Your assignment – Print exactly the lines below between the line holding "and c cD M0" and the line holding "(\<mu> U x) U", inclusive, and nothing more.

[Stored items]
Content starts

lemma Ssum_chains_subset_index: "Ssum_chains gs ns \<subseteq> Ssum_index gs ns"
proof
  fix ds assume ds: "ds \<in> Ssum_chains gs ns"
  let ?e = "Ssum_entry gs (ns ! 0) ds"
  have "ds ! i ^ (gs ! i) dvd ns ! l" if "i < length gs" "l \<le> Suc i" for i l
  proof -
    have "?e (Suc i) dvd ?e l"
      using ds that by (intro dvd_chain_trans[where k = "Suc i"]) (auto simp: Ssum_chains_def)
    moreover have "?e l dvd ns ! l"
      using ds that by (cases l) (auto simp: Ssum_chains_def Ssum_entry_def)
    ultimately show ?thesis by (auto simp: Ssum_entry_def intro: dvd_trans)
  qed
  with ds show "ds \<in> Ssum_index gs ns" by (auto simp: Ssum_chains_def Ssum_index_def)
qed

lemma Ssum_summand_eq_0:
  assumes "t < length gs" "\<not> Ssum_entry gs n ds (Suc t) dvd Ssum_entry gs n ds t"
  shows "Ssum_summand gs fs n ds = 0"
  using assms by (auto simp: Ssum_summand_def qev_def intro!: prod_zero bexI[of _ t])

lemma Ssum_eq_sum_chains:
  assumes "1 \<le> ns ! 0" "\<forall>i<length gs. 1 \<le> gs ! i"
  shows "Ssum gs fs ns = sum (Ssum_summand gs fs (ns ! 0)) (Ssum_chains gs ns)"
  unfolding Ssum_eq_sum_index
proof (rule sum.mono_neutral_right)
  show "finite (Ssum_index gs ns)" using assms by (rule finite_Ssum_index)
  show "Ssum_chains gs ns \<subseteq> Ssum_index gs ns" by (rule Ssum_chains_subset_index)
  show "\<forall>ds\<in>Ssum_index gs ns - Ssum_chains gs ns. Ssum_summand gs fs (ns ! 0) ds = 0"
    by (auto simp: Ssum_index_def Ssum_chains_def Ssum_entry_def intro: Ssum_summand_eq_0)
qed

lemma Ssum_entry_Cons_Suc: "Ssum_entry (g # gs) n (d # ds) (Suc i) = Ssum_entry gs (d ^ g) ds i"
  by (cases i) (simp_all add: Ssum_entry_def)

lemma Ssum_summand_Cons:
  "Ssum_summand (g # gs) (f # fs) n (d # ds) = qev f n (d ^ g) * Ssum_summand gs fs (d ^ g) ds"
proof -
  have "Ssum_entry (g # gs) n (d # ds) 0 = n" "Ssum_entry gs (d ^ g) ds 0 = d ^ g"
    by (simp_all add: Ssum_entry_def)
  then show ?thesis
    unfolding Ssum_summand_def
    by (simp add: prod.lessThan_Suc_shift Ssum_entry_Cons_Suc mult.assoc del: prod.lessThan_Suc)
qed

lemma Cons_in_Ssum_chains_iff:
  "d # ds \<in> Ssum_chains (g # gs) (n0 # n1 # ns) \<longleftrightarrow>
     1 \<le> d \<and> d ^ g dvd n0 \<and> d ^ g dvd n1 \<and> ds \<in> Ssum_chains gs (d ^ g # ns)"
  unfolding Ssum_chains_def by (simp add: All_less_Suc2 Ssum_entry_Cons_Suc) (auto simp: Ssum_entry_def)

lemma finite_Ssum_chains:
  assumes "1 \<le> ns ! 0" "\<forall>i<length gs. 1 \<le> gs ! i"
  shows "finite (Ssum_chains gs ns)"
  using Ssum_chains_subset_index finite_Ssum_index[OF assms] by (rule finite_subset)

lemma Ssum_chains_Cons:
  "Ssum_chains (g # gs) (n0 # n1 # ns) =
     (\<lambda>(d, ds). d # ds) ` (SIGMA d:{d. 1 \<le> d \<and> d ^ g dvd n0 \<and> d ^ g dvd n1}. Ssum_chains gs (d ^ g # ns))"
  (is "?C = ?R")
proof
  show "?C \<subseteq> ?R"
  proof
    fix x assume x: "x \<in> ?C"
    then obtain d ds where "x = d # ds" by (cases x) (auto simp: Ssum_chains_def)
    with x show "x \<in> ?R" by (auto simp: Cons_in_Ssum_chains_iff)
  qed
qed (auto simp: Cons_in_Ssum_chains_iff)
(* Assume (G2) from the context, let $M:=2c_Dc^2$ and let $\alpha_M\in(0,1/4)$ be such that $M g(r)\le g(\alpha_Mr)$ for all $r>0$. Let $y\in X$, $r>0$ and $0<\alpha<\alpha_M$. Then $$G_{U(y,r)}(x,y)\ge\tfrac12\,G(x,y)\qquad\text{for all }x\in U(y,2\alpha r).$$
   Context: $(X,\rho)$ is a separable metric space; $U(x,r)$ the open ball. For every open $U\subseteq X$ and $x\in X$ a finite Borel measure $\mu_x^U$ on $X$ is given with $\mu_x^U(U)=0$, $\mu_x^U(X)\le1$, and $\mu_x^U=\varepsilon_x$ (Dirac) if $x\notin U$. $G\colon X\times X\to(0,\infty]$ is Borel. For open $V$, $G_V(x,y):=G(x,y)-\int G(z,y)\,d\mu_x^V(z)$ for $x,y\in V$ and $G_V:=0$ outside $V\times V$. (G2): there are a strictly decreasing continuous $g\colon[0,\infty)\to(0,\infty]$ and $c,c_D,M_0\in[1,\infty)$, $\alpha_0\in(0,1)$ with $g(r/2)\le c_Dg(r)$, $M_0g(r)\le g(\alpha_0r)$ for all $r>0$ and $c^{-1}g(\rho(x,y))\le G(x,y)\le c\,g(\rho(x,y))$ for all $x,y$. *)

theory Defs
  imports "HOL-Probability.Probability"
begin

text \<open>Green function of an open set V:
  G_V(x,y) = G(x,y) - integral of G(z,y) d mu_x^V(z) for x,y in V, and 0 otherwise.
  Values are taken in ereal (the difference may a priori be negative).\<close>
definition greenV ::
  "('a::metric_space set \<Rightarrow> 'a \<Rightarrow> 'a measure) \<Rightarrow> ('a \<Rightarrow> 'a \<Rightarrow> ennreal) \<Rightarrow> 'a set \<Rightarrow> 'a \<Rightarrow> 'a \<Rightarrow> ereal"
where
  "greenV \<mu> G V x y =
     (if x \<in> V \<and> y \<in> V
      then enn2ereal (G x y) - enn2ereal (\<integral>\<^sup>+ z. G z y \<partial>(\<mu> V x))
      else 0)"

end

theory Submission
  imports Defs
begin

text \<open>Since \<open>\<mu>\<^sub>x\<^sup>U\<close> lives on the complement of \<open>U = U(y,r)\<close>, where \<open>G(\<cdot>,y) \<le> c g(r)\<close>, and has mass
  at most 1, the subtracted integral is at most \<open>c g(r)\<close>. On the other hand, for \<open>x\<close> close to
  \<open>y\<close> the doubling property and the choice of \<open>\<alpha>\<^sub>M\<close> give \<open>2c\<^sup>2 g(r) \<le> g(\<rho>(x,y)) \<le> c G(x,y)\<close>,
  so the integral is at most half of \<open>G(x,y)\<close>.\<close>

lemma nn_integral_le_bound_off_null_set:
  fixes f :: "'a \<Rightarrow> ennreal"
  assumes "U \<in> null_sets M"
    and "\<And>z. z \<in> space M \<Longrightarrow> z \<notin> U \<Longrightarrow> f z \<le> C"
    and "emeasure M (space M) \<le> 1"
  shows "(\<integral>\<^sup>+ z. f z \<partial>M) \<le> C"
proof -
  have "AE z in M. z \<notin> U"
    using assms(1) by (rule AE_I') auto
  then have "AE z in M. f z \<le> C"
    using assms(2) by (auto elim: AE_mp)
  then have "(\<integral>\<^sup>+ z. f z \<partial>M) \<le> (\<integral>\<^sup>+ z. C \<partial>M)"
    by (rule nn_integral_mono_AE)
  also have "\<dots> = C * emeasure M (space M)"
    by simp
  also have "\<dots> \<le> C"
    using mult_left_mono[OF assms(3), of C] by simp
  finally show ?thesis .
qed

lemma doubling_scaled_le:
  fixes g :: "real \<Rightarrow> ennreal"
  assumes antimono: "\<And>s t. 0 \<le> s \<Longrightarrow> s \<le> t \<Longrightarrow> g t \<le> g s"
    and doubling: "\<And>t. t > 0 \<Longrightarrow> g (t / 2) \<le> ennreal cD * g t"
    and scaling: "\<And>t. t > 0 \<Longrightarrow> ennreal (K * cD) * g t \<le> g (\<beta> * t)"
    and "K \<ge> 0" "cD \<ge> 0" "r > 0" "0 \<le> d" "d \<le> \<beta> * (2 * r)"
  shows "ennreal K * g r \<le> g d"
proof -
  have "ennreal K * g r \<le> ennreal K * (ennreal cD * g (2 * r))"
    using doubling[of "2 * r"] \<open>r > 0\<close> by (simp add: mult_left_mono)
  also have "\<dots> = ennreal (K * cD) * g (2 * r)"
    using assms(4,5) by (simp add: ennreal_mult mult.assoc)
  also have "\<dots> \<le> g (\<beta> * (2 * r))"
    using scaling[of "2 * r"] \<open>r > 0\<close> by simp
  also have "\<dots> \<le> g d"
    using antimono assms(7,8) by blast
  finally show ?thesis .
qed

lemma ennreal_inverse_mult_two_square:
  assumes "c > 0"
  shows "ennreal (1 / c) * (ennreal (2 * c\<^sup>2) * a) = 2 * (ennreal c * a)"
proof -
  have "ennreal (1 / c) * ennreal (2 * c\<^sup>2) = ennreal (2 * c)"
    using assms by (simp add: ennreal_mult'[symmetric] power2_eq_square)
  also have "\<dots> = 2 * ennreal c"
    using assms by (simp add: ennreal_mult)
  finally show ?thesis
    by (metis mult.assoc)
qed

lemma enn2ereal_half_le_diff:
  fixes a b :: ennreal
  assumes "b < top" "2 * b \<le> a"
  shows "enn2ereal a / 2 \<le> enn2ereal a - enn2ereal b"
proof (cases "a = top")
  case True
  then show ?thesis using assms by (cases b) auto
next
  case False
  then obtain x where x: "a = ennreal x" "x \<ge> 0" by (cases a) auto
  obtain w where w: "b = ennreal w" "w \<ge> 0" using assms(1) by (cases b) auto
  have "2 * w \<le> x"
    using assms(2) x w by (metis ennreal_le_iff ennreal_mult'' ennreal_numeral mult_nonneg_nonneg
        zero_le_numeral)
  then show ?thesis using x w by (simp add: enn2ereal_ennreal)
qed

lemma enn2ereal_half_le_diff_of_le:
  fixes a b B :: ennreal
  assumes "b \<le> B" "B < top" "2 * B \<le> a"
  shows "enn2ereal a / 2 \<le> enn2ereal a - enn2ereal b"
proof (rule enn2ereal_half_le_diff)
  show "b < top" using assms(1,2) by (rule order.strict_trans1)
  show "2 * b \<le> a" using assms(1,3) by (meson mult_left_mono order_trans zero_le)
qed

lemma upper_bound_off_ball:
  fixes G :: "'a::metric_space \<Rightarrow> 'a \<Rightarrow> ennreal" and g :: "real \<Rightarrow> ennreal"
  assumes antimono: "\<And>s t. 0 \<le> s \<Longrightarrow> s \<le> t \<Longrightarrow> g t \<le> g s"
    and G_upper: "\<And>x y. G x y \<le> ennreal c * g (dist x y)"
    and "r \<ge> 0" "z \<notin> ball y r"
  shows "G z y \<le> ennreal c * g r"
proof -
  have "g (dist z y) \<le> g r"
    using antimono[of r "dist z y"] assms(3,4) by (simp add: dist_commute)
  then show ?thesis
    using G_upper[of z y] by (meson mult_left_mono order_trans zero_le)
qed

theorem lemma6p5:
  fixes \<mu> :: "'a::metric_space set \<Rightarrow> 'a \<Rightarrow> 'a measure"
    and G :: "'a \<Rightarrow> 'a \<Rightarrow> ennreal"
    and g :: "real \<Rightarrow> ennreal"
    and c cD M0 \<alpha>0 \<alpha>M \<alpha> r :: real
    and y :: 'a
  assumes separable: "\<exists>D::'a set. countable D \<and> closure D = UNIV"
    and mu_sets: "\<And>U x. open U \<Longrightarrow> sets (\<mu> U x) = sets borel"
    and mu_U: "\<And>U x. open U \<Longrightarrow> emeasure (\<mu> U x) U = 0"
    and mu_le1: "\<And>U x. open U \<Longrightarrow> emeasure (\<mu> U x) (space (\<mu> U x)) \<le> 1"
    and mu_outside: "\<And>U x. open U \<Longrightarrow> x \<notin> U \<Longrightarrow> \<mu> U x = return borel x"
    and G_pos: "\<And>x y. G x y > 0"
    and G_borel: "(\<lambda>(x, y). G x y) \<in> borel_measurable (borel \<Otimes>\<^sub>M borel)"
    and g_pos: "\<And>t. t \<ge> 0 \<Longrightarrow> g t > 0"
    and g_cont: "continuous_on {0..} g"
    and g_decr: "\<And>s t. 0 \<le> s \<Longrightarrow> s < t \<Longrightarrow> g t < g s"
    and c_ge: "c \<ge> 1" and cD_ge: "cD \<ge> 1" and M0_ge: "M0 \<ge> 1"
    and \<alpha>0: "0 < \<alpha>0" "\<alpha>0 < 1"
    and doubling: "\<And>t. t > 0 \<Longrightarrow> g (t / 2) \<le> ennreal cD * g t"
    and M0_prop: "\<And>t. t > 0 \<Longrightarrow> ennreal M0 * g t \<le> g (\<alpha>0 * t)"
    and G_lower: "\<And>x y. ennreal (1 / c) * g (dist x y) \<le> G x y"
    and G_upper: "\<And>x y. G x y \<le> ennreal c * g (dist x y)"
    and \<alpha>M: "0 < \<alpha>M" "\<alpha>M < 1 / 4"
    and \<alpha>M_prop: "\<And>t. t > 0 \<Longrightarrow> ennreal (2 * cD * c\<^sup>2) * g t \<le> g (\<alpha>M * t)"
    and r_pos: "r > 0"
    and \<alpha>: "0 < \<alpha>" "\<alpha> < \<alpha>M"
  shows "\<forall>x \<in> ball y (2 * \<alpha> * r). greenV \<mu> G (ball y r) x y \<ge> enn2ereal (G x y) / 2"
proof
  fix x assume "x \<in> ball y (2 * \<alpha> * r)"
  then have dist_xy: "dist x y < 2 * \<alpha> * r" by (simp add: dist_commute)
  moreover have "2 * \<alpha> * r < r" using \<alpha> \<alpha>M r_pos by simp
  ultimately have "dist x y < r" by linarith
  then have in_ball: "x \<in> ball y r" "y \<in> ball y r"
    using r_pos by (simp_all add: dist_commute)
  have g_antimono: "\<And>s t. 0 \<le> s \<Longrightarrow> s \<le> t \<Longrightarrow> g t \<le> g s"
    using g_decr by (metis order.order_iff_strict order.strict_implies_order)
  let ?I = "\<integral>\<^sup>+ z. G z y \<partial>\<mu> (ball y r) x"
  have I_le: "?I \<le> ennreal c * g r"
  proof (rule nn_integral_le_bound_off_null_set)
    show "ball y r \<in> null_sets (\<mu> (ball y r) x)"
      using mu_U mu_sets by (auto simp: null_sets_def)
    show "G z y \<le> ennreal c * g r" if "z \<notin> ball y r" for z
      using g_antimono G_upper r_pos that by (auto intro: upper_bound_off_ball)
  qed (use mu_le1 in simp)
  have g_near: "ennreal (2 * c\<^sup>2) * g r \<le> g (dist x y)"
  proof (rule doubling_scaled_le[where g = g and cD = cD and \<beta> = \<alpha>M, OF g_antimono doubling])
    show "ennreal (2 * c\<^sup>2 * cD) * g t \<le> g (\<alpha>M * t)" if "t > 0" for t
      using \<alpha>M_prop[OF that] by (simp add: mult_ac)
    have "\<alpha> * (2 * r) \<le> \<alpha>M * (2 * r)" using \<alpha> r_pos by simp
    then show "dist x y \<le> \<alpha>M * (2 * r)" using dist_xy by (simp add: mult_ac)
  qed (use cD_ge r_pos in simp_all)
  have "2 * (ennreal c * g r) = ennreal (1 / c) * (ennreal (2 * c\<^sup>2) * g r)"
    using c_ge by (simp add: ennreal_inverse_mult_two_square)
  also have "\<dots> \<le> ennreal (1 / c) * g (dist x y)"
    using g_near by (rule mult_left_mono) simp
  also have "\<dots> \<le> G x y"
    by (rule G_lower)
  finally have "2 * (ennreal c * g r) \<le> G x y" .
  moreover have "g r < top"
    using g_decr[of 0 r] r_pos top_greatest[of "g 0"] by (blast intro: order.strict_trans2)
  ultimately show "greenV \<mu> G (ball y r) x y \<ge> enn2ereal (G x y) / 2"
    using enn2ereal_half_le_diff_of_le[OF I_le] in_ball
    by (simp add: greenV_def ennreal_mult_less_top)
qed

end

Content ends

Result of the exercise –
    and c cD M0 \<alpha>0 \<alpha>M \<alpha> r :: real
    and y :: 'a
  assumes separable: "\<exists>D::'a set. countable D \<and> closure D = UNIV"
    and mu_sets: "\<And>U x. open U \<Longrightarrow> sets (\<mu> U x) = sets borel"
    and mu_U: "\<And>U x. open U \<Longrightarrow> emeasure (\<mu> U x) U = 0"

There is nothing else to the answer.